* Problem requirements *
Every line in the entries where "bool" is found should be copied.

* Exercise inputs *
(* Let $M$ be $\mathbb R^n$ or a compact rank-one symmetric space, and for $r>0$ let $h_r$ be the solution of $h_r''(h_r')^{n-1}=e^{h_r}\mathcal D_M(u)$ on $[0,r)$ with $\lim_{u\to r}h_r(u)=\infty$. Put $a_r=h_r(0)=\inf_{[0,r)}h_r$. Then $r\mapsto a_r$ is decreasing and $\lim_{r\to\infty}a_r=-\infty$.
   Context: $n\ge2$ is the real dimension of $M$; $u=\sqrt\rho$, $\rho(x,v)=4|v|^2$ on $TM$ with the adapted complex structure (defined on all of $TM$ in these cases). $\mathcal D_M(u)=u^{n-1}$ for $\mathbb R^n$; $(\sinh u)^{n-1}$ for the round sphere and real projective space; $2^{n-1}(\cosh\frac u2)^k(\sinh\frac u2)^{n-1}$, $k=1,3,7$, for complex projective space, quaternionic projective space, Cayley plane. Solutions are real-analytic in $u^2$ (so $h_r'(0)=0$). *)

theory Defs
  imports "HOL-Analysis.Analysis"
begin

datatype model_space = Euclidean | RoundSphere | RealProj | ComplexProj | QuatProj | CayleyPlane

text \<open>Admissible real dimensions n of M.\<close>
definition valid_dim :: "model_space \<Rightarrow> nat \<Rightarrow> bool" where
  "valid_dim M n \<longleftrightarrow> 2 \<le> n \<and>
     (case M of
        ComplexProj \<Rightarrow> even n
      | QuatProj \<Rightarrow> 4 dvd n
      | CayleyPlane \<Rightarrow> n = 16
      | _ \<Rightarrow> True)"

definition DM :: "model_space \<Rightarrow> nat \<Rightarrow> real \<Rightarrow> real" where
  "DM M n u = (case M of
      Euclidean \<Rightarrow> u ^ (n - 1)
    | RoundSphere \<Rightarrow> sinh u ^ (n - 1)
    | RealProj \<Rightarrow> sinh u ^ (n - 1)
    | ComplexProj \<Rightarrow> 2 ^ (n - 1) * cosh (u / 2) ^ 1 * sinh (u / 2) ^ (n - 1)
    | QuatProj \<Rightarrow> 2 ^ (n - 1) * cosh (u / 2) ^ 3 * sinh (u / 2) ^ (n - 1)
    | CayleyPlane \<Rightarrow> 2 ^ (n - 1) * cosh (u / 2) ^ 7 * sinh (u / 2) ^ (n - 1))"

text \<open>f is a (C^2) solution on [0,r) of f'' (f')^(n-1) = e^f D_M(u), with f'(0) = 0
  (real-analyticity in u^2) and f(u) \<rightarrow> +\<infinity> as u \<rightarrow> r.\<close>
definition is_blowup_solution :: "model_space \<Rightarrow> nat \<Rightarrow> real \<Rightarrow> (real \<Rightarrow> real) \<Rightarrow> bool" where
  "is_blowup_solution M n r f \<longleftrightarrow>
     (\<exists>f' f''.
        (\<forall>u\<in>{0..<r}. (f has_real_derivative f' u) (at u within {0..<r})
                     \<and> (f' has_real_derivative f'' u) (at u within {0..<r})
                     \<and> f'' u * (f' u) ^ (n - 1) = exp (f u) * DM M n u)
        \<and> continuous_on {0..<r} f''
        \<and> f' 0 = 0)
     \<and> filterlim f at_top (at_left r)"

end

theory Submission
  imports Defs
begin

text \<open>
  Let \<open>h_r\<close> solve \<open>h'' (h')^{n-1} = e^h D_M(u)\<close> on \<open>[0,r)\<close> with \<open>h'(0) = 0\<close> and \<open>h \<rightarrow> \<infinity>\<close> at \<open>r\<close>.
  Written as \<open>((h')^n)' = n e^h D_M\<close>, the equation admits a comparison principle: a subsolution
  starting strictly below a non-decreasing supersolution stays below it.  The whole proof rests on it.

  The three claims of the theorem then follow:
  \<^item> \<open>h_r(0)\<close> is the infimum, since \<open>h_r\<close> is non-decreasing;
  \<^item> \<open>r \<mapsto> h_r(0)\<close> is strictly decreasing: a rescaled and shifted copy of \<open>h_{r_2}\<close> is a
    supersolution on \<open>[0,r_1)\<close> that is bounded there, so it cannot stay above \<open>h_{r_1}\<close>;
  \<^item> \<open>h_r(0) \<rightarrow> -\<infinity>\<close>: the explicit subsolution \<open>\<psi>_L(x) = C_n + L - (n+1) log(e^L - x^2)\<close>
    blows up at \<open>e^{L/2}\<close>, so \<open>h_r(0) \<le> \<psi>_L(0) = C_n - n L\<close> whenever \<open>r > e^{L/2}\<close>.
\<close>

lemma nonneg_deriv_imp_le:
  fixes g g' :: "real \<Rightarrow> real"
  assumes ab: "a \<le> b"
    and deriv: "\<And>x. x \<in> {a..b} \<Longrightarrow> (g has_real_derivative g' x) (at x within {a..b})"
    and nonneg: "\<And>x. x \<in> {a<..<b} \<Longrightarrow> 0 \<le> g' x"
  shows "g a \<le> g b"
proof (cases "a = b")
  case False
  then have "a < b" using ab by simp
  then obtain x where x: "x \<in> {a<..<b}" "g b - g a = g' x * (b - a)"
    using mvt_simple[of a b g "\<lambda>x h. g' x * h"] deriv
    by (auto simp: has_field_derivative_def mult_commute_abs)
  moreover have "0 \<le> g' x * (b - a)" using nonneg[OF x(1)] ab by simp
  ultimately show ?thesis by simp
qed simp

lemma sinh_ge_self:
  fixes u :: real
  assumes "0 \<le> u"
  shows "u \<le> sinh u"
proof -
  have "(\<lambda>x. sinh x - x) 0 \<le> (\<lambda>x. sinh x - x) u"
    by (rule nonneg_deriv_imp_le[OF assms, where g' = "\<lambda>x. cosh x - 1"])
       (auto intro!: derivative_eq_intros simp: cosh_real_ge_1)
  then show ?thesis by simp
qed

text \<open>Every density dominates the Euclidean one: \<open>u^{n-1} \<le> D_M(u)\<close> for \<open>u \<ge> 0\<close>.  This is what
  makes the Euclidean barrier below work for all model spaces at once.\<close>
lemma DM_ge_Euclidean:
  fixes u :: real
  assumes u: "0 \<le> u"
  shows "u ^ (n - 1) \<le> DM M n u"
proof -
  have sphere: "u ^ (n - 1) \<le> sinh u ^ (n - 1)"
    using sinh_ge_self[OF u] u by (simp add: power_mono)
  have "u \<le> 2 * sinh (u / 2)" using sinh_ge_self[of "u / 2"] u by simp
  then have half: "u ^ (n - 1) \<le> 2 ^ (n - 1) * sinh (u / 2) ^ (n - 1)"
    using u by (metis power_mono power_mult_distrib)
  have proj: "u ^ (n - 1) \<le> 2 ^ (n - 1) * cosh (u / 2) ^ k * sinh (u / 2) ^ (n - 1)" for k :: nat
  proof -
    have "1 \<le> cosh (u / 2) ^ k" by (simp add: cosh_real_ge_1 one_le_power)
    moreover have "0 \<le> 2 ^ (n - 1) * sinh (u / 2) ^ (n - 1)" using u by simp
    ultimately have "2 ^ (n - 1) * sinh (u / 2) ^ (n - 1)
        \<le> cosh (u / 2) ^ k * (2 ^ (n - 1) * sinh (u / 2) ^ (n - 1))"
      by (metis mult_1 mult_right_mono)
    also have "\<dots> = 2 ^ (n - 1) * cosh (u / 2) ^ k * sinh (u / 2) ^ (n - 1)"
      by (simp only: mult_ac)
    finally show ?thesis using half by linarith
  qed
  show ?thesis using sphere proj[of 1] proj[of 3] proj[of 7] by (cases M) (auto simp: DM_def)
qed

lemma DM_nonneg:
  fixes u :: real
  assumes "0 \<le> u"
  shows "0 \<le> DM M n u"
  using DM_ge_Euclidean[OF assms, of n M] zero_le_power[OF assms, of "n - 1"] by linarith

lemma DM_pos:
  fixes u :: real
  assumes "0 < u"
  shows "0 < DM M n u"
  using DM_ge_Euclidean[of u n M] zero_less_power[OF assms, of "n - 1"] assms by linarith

* * *

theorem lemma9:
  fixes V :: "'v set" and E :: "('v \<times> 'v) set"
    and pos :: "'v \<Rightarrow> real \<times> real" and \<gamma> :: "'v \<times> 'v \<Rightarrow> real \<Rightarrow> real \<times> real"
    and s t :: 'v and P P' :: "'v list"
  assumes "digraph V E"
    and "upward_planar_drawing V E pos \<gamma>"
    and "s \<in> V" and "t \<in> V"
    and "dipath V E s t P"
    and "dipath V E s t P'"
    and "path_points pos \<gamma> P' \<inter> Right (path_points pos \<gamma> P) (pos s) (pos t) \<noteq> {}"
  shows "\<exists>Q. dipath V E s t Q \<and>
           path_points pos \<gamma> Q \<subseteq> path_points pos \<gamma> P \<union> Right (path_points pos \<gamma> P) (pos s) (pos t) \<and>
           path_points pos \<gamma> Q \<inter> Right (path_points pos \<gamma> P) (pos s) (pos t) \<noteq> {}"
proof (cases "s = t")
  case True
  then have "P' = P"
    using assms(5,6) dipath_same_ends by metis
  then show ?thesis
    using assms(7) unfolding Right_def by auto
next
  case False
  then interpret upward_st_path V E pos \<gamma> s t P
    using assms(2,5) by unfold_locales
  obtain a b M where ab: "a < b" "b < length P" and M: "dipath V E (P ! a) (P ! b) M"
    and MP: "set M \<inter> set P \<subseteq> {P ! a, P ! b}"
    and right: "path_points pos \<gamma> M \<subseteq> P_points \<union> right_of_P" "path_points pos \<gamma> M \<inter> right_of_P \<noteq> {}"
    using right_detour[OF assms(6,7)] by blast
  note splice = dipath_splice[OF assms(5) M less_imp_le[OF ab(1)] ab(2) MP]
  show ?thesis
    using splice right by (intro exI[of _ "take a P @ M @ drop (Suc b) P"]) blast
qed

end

* * *

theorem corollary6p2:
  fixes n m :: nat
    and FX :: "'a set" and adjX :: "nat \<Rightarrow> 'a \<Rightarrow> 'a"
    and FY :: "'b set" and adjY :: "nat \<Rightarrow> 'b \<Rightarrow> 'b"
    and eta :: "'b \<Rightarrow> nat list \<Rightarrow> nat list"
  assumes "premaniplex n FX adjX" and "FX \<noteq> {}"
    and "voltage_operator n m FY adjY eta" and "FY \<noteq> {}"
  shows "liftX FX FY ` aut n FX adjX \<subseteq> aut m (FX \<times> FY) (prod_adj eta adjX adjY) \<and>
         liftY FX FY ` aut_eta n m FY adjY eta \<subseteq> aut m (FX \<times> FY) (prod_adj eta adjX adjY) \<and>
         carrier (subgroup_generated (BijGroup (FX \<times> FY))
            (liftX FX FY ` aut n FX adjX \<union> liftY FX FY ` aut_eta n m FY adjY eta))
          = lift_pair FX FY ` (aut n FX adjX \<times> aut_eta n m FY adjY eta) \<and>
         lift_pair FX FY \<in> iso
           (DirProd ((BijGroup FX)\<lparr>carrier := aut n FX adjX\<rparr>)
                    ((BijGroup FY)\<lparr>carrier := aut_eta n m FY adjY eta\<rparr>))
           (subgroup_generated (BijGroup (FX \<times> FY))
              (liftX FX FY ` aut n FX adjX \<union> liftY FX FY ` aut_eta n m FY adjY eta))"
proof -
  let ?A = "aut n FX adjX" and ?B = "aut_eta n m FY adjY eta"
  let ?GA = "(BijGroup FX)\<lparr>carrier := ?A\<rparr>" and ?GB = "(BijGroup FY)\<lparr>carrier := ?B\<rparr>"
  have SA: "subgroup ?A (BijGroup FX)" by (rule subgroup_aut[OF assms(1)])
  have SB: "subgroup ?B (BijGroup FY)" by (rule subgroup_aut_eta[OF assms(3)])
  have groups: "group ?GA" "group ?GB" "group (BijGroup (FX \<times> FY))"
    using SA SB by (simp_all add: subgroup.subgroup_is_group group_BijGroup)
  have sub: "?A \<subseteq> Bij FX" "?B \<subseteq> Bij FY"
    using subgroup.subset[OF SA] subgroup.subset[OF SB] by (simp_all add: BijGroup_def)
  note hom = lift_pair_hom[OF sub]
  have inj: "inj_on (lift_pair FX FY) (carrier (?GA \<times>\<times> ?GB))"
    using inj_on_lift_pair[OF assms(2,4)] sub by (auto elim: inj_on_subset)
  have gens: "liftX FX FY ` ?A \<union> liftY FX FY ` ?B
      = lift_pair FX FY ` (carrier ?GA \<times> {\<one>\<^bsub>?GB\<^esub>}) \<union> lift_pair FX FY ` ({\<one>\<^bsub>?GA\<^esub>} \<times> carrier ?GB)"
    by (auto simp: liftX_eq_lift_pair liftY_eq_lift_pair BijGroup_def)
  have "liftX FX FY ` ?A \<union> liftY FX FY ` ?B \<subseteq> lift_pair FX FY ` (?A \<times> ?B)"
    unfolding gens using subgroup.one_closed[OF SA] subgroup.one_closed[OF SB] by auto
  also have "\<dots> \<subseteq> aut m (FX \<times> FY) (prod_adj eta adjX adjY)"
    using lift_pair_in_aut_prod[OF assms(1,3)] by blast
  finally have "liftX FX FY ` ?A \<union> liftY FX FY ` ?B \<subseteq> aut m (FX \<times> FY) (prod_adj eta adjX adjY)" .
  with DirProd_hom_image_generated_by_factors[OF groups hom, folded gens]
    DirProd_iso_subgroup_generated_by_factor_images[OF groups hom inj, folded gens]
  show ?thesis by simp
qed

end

* Solved problem *
definition valid_dim :: "model_space \<Rightarrow> nat \<Rightarrow> bool" where
definition is_blowup_solution :: "model_space \<Rightarrow> nat \<Rightarrow> real \<Rightarrow> (real \<Rightarrow> real) \<Rightarrow> bool" where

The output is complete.